WHAT IS BEING ASKED — Would you copy only the lines below, beginning with the one that contains "using Dg Dh" and running through the last entry line?

Stored items
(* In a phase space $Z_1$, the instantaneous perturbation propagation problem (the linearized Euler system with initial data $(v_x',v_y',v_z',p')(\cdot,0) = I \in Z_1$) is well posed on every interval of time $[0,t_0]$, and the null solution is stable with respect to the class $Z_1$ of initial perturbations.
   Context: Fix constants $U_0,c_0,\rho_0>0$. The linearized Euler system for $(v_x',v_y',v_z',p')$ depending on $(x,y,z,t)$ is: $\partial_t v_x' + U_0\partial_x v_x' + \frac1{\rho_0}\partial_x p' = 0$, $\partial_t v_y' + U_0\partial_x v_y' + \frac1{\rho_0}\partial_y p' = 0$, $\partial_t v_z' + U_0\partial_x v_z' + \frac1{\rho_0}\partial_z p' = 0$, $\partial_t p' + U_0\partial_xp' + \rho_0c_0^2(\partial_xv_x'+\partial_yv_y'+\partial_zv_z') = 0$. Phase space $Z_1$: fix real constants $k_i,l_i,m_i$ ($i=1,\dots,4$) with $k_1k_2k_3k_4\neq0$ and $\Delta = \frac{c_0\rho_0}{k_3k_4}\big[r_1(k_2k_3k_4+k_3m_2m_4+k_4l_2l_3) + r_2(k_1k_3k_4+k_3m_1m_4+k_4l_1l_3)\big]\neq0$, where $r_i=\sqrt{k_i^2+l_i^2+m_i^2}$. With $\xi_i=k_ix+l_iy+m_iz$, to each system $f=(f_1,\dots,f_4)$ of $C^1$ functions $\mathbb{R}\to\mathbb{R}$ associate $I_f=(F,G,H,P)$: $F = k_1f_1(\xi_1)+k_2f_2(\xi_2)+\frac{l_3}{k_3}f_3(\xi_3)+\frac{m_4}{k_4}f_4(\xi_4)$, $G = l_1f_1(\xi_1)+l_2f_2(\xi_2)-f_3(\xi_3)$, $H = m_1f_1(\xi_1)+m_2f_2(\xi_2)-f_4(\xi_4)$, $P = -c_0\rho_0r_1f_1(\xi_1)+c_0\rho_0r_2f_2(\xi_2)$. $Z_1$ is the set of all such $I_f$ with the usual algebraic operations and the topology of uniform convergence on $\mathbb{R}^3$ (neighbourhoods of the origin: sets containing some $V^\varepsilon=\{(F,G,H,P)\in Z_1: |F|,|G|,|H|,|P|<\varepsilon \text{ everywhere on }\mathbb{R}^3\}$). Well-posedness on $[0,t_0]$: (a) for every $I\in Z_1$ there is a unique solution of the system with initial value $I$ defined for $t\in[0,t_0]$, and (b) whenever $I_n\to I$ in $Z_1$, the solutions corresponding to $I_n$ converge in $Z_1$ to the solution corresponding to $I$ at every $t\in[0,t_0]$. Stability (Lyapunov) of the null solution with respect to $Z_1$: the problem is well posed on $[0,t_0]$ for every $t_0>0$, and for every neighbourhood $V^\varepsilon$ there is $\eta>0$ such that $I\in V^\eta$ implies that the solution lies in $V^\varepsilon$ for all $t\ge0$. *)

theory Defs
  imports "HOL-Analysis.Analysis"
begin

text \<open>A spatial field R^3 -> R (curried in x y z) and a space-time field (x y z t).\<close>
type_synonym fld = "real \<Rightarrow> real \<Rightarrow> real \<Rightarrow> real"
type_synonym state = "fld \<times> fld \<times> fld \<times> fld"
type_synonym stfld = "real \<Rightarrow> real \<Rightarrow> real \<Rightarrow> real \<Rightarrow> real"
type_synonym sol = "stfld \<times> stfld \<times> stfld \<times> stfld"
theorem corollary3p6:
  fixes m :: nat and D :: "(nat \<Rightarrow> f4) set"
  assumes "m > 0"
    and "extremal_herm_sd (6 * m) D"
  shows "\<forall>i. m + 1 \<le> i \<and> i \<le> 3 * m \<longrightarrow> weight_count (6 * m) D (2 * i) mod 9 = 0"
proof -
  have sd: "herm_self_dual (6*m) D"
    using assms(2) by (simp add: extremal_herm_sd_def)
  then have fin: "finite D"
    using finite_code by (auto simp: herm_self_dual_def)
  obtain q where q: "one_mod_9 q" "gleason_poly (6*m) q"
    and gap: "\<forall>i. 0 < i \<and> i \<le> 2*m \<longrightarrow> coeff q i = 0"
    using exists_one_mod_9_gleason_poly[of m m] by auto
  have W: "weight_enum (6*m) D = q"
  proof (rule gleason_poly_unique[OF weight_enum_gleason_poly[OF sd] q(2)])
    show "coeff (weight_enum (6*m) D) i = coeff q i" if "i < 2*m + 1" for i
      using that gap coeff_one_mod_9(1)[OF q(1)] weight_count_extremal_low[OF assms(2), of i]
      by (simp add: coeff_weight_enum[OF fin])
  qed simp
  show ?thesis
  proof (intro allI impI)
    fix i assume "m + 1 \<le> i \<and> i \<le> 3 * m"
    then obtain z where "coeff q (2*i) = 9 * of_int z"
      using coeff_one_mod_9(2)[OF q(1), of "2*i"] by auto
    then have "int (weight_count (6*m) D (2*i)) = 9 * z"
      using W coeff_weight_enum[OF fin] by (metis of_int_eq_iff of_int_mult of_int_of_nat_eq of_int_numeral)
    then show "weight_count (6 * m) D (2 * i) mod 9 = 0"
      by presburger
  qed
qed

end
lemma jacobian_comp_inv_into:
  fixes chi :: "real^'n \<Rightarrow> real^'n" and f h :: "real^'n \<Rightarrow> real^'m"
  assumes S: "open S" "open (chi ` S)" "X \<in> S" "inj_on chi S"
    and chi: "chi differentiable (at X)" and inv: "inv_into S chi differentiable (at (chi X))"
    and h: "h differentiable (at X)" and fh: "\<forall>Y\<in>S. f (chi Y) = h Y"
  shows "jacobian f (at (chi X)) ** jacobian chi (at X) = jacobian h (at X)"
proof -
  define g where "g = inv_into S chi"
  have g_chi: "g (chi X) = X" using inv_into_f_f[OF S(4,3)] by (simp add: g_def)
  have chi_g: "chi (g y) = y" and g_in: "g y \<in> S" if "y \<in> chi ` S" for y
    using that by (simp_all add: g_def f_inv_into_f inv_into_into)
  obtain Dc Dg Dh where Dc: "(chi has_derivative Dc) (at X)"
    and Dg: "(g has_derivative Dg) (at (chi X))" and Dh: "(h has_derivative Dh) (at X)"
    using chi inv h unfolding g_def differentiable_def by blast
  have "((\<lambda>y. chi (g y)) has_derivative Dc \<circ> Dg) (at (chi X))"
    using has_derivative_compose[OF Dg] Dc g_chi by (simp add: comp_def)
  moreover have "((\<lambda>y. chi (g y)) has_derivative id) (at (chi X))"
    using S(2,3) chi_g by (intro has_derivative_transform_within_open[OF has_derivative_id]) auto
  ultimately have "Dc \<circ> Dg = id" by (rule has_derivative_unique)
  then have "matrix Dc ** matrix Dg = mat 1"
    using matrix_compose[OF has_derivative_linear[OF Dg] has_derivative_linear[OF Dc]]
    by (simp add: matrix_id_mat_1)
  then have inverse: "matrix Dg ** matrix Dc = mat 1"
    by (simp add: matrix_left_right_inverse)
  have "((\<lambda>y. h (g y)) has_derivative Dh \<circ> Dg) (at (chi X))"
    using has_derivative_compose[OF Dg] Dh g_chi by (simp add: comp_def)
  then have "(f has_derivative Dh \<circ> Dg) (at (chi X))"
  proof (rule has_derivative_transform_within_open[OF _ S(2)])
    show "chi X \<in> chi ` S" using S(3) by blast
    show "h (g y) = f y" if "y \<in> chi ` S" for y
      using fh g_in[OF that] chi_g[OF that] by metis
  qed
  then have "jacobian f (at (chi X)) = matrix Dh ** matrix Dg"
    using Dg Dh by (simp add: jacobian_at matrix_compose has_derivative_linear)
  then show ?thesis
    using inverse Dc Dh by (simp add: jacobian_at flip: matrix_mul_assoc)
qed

EXERCISE OUTPUT —
    using Dg Dh by (simp add: jacobian_at matrix_compose has_derivative_linear)
  then show ?thesis
    using inverse Dc Dh by (simp add: jacobian_at flip: matrix_mul_assoc)
qed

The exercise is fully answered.